> Exercise prompt:
Report every line of the data where the string "otimes" appears.

> Data provided:
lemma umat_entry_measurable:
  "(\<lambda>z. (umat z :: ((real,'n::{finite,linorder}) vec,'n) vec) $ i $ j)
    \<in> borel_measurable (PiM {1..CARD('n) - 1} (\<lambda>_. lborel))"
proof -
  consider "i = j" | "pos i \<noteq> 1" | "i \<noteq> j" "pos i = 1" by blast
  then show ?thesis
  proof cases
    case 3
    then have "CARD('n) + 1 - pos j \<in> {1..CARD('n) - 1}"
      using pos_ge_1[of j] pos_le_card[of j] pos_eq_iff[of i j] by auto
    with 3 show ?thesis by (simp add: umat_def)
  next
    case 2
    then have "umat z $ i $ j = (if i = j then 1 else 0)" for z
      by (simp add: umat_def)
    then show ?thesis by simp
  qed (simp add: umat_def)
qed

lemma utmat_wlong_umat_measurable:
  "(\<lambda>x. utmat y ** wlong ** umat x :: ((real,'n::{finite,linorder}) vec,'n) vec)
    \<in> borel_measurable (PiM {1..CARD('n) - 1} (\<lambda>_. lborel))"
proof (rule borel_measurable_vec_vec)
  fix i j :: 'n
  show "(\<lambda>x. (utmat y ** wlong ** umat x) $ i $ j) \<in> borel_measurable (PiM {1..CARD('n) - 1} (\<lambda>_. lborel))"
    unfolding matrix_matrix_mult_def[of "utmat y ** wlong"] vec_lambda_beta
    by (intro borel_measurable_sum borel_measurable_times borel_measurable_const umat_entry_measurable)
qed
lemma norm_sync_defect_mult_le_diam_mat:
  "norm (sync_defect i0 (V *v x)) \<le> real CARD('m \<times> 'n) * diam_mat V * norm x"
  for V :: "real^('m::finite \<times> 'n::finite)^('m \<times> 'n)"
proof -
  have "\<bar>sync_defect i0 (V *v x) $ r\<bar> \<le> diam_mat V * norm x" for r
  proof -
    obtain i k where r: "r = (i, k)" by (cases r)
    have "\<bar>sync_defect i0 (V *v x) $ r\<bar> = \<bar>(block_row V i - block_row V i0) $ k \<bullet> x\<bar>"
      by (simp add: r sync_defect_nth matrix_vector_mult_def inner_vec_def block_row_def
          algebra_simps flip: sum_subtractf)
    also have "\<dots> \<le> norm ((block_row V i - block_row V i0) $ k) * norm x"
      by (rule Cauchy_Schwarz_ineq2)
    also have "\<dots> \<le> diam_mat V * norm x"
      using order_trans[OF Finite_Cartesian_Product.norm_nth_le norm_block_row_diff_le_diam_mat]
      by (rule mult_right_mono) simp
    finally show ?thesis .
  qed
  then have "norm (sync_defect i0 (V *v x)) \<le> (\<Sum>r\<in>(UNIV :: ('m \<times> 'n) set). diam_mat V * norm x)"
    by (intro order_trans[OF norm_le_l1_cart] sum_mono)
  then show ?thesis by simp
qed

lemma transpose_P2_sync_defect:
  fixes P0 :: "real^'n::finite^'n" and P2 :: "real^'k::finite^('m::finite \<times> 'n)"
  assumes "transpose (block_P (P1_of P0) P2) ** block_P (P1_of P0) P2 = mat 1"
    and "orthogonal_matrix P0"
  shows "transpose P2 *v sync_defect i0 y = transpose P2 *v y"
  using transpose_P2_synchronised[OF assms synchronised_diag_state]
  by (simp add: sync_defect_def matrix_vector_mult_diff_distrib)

---

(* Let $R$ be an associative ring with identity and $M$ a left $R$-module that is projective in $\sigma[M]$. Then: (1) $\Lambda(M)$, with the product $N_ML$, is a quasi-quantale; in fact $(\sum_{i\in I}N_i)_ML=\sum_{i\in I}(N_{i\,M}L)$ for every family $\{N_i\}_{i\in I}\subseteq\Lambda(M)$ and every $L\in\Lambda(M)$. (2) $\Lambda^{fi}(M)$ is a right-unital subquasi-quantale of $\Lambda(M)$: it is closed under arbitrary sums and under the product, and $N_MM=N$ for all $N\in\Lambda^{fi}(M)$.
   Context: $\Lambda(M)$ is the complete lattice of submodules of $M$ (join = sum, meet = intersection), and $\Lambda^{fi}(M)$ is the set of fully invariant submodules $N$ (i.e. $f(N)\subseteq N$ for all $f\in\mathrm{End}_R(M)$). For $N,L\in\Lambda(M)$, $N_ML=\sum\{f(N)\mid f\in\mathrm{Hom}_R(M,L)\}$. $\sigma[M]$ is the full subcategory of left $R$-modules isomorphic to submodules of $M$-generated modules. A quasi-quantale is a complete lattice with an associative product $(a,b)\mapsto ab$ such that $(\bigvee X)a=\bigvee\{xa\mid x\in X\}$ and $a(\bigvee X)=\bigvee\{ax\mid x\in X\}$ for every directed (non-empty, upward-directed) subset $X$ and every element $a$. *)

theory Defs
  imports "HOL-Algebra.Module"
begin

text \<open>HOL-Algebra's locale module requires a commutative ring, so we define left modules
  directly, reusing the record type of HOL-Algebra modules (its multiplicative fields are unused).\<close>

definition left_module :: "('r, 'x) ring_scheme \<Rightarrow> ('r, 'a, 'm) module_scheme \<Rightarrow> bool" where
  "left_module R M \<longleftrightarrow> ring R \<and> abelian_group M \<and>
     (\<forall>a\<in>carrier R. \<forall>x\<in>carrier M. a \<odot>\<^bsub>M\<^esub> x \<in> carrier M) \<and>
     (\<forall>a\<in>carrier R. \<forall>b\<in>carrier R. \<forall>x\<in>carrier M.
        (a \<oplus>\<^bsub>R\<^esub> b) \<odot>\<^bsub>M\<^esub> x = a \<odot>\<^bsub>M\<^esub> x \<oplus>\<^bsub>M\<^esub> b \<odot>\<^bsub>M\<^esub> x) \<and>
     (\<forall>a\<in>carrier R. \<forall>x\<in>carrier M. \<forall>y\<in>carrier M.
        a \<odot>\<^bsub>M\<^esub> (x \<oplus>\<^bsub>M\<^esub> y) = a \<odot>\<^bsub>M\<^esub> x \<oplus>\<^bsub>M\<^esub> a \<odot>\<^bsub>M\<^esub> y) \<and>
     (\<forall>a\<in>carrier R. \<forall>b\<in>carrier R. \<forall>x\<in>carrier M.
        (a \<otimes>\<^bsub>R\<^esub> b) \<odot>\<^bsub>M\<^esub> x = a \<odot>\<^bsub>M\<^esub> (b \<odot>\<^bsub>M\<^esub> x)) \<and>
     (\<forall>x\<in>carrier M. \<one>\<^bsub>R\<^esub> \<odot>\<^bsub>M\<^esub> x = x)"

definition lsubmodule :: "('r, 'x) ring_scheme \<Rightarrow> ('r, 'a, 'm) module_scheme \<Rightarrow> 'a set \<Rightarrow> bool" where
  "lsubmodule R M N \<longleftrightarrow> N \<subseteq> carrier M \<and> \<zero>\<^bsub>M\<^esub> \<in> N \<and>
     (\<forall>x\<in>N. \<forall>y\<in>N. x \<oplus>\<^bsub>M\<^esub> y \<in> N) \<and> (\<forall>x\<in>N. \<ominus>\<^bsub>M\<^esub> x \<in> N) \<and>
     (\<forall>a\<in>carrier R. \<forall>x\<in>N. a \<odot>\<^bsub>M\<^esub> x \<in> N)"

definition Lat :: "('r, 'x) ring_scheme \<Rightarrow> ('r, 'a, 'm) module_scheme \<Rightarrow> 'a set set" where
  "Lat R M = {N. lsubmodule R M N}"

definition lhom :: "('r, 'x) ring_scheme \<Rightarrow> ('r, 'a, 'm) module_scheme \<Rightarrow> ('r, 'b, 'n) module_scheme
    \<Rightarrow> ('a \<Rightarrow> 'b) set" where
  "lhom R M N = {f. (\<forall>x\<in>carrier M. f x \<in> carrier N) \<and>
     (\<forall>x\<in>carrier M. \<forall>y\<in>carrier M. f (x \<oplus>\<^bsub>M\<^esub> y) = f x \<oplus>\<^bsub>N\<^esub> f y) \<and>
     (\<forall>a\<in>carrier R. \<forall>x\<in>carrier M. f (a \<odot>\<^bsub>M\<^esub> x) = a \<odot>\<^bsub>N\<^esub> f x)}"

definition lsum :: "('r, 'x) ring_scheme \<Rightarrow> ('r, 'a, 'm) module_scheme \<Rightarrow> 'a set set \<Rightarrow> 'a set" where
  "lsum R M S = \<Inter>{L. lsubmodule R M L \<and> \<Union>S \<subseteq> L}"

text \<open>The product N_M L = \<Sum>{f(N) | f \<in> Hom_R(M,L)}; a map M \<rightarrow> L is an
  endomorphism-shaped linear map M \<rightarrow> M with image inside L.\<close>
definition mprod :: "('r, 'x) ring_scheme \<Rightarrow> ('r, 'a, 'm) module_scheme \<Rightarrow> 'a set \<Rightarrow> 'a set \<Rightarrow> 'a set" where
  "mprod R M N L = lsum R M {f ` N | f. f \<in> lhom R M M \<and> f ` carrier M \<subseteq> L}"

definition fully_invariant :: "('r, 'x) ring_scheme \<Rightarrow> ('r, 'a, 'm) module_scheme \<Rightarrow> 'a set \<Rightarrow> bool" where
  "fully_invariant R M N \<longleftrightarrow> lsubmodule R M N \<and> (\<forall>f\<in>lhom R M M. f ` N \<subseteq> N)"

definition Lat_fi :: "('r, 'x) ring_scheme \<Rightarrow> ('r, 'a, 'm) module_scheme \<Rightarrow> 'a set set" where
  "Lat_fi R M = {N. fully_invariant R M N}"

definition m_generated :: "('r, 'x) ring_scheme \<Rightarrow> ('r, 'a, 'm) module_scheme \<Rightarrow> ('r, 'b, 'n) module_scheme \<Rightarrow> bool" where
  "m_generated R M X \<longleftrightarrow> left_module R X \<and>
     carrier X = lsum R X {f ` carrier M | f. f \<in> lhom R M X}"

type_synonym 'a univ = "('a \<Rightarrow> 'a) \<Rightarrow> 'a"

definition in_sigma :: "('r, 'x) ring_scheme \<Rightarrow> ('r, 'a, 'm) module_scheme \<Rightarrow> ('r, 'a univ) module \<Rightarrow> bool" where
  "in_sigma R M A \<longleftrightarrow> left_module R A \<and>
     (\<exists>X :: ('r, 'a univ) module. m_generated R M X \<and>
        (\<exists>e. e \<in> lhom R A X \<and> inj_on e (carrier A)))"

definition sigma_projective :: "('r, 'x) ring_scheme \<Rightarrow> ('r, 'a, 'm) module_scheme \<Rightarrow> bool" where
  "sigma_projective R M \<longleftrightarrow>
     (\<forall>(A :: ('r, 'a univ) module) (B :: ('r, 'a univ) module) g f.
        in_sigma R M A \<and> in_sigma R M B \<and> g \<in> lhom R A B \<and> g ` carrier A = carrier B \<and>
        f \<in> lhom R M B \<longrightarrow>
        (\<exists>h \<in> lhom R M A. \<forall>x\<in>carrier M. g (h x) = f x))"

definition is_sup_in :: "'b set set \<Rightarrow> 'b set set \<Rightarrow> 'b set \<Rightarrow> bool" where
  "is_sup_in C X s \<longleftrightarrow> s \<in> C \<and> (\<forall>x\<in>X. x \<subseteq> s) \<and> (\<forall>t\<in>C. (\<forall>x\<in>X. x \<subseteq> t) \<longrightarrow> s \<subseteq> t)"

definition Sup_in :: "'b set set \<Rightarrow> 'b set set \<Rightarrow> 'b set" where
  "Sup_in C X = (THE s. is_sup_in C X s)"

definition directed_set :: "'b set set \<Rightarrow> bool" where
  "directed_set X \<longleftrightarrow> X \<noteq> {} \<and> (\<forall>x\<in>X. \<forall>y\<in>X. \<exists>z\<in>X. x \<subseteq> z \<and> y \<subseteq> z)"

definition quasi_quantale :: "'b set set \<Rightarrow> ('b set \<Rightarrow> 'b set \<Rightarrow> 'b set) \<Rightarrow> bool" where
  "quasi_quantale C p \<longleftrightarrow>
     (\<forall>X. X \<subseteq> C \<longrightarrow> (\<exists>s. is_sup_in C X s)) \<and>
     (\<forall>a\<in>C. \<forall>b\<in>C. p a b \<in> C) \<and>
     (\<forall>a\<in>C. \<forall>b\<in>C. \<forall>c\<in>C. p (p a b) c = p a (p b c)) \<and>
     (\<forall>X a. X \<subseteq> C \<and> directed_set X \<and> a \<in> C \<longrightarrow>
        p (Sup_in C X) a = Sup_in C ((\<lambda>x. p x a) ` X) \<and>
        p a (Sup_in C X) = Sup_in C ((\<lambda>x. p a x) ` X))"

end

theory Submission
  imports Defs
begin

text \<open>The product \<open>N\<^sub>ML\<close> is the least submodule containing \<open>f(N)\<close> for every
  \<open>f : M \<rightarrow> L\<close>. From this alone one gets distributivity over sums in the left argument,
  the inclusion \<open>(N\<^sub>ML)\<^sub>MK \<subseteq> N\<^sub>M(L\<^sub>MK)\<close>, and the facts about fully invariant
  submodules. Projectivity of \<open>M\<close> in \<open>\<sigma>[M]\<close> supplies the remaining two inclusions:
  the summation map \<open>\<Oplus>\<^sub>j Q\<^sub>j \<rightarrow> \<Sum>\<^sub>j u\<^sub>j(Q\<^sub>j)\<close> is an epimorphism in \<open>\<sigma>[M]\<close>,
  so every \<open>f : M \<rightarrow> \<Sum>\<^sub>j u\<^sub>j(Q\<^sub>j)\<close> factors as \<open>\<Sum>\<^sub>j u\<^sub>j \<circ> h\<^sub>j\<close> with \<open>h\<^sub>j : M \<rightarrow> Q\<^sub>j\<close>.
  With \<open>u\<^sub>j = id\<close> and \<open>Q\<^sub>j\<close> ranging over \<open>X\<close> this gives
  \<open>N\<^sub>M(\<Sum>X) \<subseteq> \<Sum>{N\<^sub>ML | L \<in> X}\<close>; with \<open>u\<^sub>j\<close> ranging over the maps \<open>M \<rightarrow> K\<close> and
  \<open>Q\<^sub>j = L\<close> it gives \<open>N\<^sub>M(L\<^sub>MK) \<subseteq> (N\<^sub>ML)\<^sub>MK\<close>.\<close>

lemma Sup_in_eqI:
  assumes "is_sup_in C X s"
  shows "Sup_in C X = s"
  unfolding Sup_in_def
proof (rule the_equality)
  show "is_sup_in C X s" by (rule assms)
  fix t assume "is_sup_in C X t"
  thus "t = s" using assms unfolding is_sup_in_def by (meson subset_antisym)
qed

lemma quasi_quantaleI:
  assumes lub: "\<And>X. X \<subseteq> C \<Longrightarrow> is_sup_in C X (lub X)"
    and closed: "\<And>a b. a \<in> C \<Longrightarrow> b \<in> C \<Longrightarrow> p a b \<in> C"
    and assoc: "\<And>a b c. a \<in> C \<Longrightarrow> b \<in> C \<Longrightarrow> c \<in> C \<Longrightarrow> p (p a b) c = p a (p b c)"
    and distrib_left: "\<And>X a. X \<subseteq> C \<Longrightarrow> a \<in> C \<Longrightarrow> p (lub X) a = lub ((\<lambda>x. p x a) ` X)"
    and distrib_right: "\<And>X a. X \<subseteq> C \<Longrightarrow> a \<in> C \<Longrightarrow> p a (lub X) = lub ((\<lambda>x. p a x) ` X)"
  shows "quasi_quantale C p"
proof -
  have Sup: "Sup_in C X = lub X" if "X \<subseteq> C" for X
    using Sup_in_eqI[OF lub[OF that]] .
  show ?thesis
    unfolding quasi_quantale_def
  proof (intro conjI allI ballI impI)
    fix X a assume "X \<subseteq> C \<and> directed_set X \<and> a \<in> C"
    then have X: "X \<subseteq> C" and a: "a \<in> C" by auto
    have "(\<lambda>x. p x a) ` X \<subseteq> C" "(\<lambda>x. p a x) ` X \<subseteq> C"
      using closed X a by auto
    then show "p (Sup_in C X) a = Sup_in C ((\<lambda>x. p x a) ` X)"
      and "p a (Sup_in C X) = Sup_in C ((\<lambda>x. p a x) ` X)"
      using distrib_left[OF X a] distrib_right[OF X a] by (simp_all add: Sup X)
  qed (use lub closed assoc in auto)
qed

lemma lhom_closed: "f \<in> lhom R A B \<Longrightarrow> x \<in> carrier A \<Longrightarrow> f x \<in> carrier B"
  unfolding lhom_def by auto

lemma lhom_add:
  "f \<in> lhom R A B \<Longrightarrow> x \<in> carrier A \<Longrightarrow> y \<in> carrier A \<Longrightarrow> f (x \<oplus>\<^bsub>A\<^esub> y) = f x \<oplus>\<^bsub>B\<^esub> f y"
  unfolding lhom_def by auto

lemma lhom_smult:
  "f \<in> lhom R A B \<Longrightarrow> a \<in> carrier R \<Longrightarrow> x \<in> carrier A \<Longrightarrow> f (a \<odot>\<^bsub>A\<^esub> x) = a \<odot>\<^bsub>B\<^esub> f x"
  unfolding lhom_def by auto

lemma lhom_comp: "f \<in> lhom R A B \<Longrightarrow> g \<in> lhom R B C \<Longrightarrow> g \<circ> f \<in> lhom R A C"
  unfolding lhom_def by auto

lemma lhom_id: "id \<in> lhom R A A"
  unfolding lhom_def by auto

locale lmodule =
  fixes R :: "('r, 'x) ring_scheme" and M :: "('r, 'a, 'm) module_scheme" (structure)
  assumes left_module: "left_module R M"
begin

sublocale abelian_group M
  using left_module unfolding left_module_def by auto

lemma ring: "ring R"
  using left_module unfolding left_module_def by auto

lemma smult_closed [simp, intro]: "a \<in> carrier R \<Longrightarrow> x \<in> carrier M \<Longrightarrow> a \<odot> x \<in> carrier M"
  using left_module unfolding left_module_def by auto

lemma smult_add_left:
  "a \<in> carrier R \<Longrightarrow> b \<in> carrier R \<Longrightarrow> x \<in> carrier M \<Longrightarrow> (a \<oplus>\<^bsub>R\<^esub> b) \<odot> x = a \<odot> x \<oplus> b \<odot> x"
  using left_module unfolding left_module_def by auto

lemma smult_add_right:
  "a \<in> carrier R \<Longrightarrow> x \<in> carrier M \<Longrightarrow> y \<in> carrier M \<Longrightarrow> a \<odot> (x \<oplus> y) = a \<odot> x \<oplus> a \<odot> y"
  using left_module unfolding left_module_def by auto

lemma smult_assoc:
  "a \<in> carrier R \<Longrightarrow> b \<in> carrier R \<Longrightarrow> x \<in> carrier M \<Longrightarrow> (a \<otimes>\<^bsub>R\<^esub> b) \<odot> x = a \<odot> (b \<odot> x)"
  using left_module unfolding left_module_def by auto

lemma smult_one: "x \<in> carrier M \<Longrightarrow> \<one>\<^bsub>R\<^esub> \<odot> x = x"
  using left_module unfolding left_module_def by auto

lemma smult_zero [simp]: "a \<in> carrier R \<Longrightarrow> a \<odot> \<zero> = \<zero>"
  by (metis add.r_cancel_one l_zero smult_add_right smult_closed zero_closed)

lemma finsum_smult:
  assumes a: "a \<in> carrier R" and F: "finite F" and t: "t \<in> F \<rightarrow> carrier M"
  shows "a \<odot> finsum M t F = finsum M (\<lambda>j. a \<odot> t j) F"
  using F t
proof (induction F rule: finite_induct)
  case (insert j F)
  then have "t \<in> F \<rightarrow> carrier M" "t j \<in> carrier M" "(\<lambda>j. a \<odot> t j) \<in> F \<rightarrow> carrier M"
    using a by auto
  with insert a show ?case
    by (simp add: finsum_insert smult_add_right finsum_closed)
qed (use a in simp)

> Answer for this exercise:
        (a \<otimes>\<^bsub>R\<^esub> b) \<odot>\<^bsub>M\<^esub> x = a \<odot>\<^bsub>M\<^esub> (b \<odot>\<^bsub>M\<^esub> x)) \<and>
  "a \<in> carrier R \<Longrightarrow> b \<in> carrier R \<Longrightarrow> x \<in> carrier M \<Longrightarrow> (a \<otimes>\<^bsub>R\<^esub> b) \<odot> x = a \<odot> (b \<odot> x)"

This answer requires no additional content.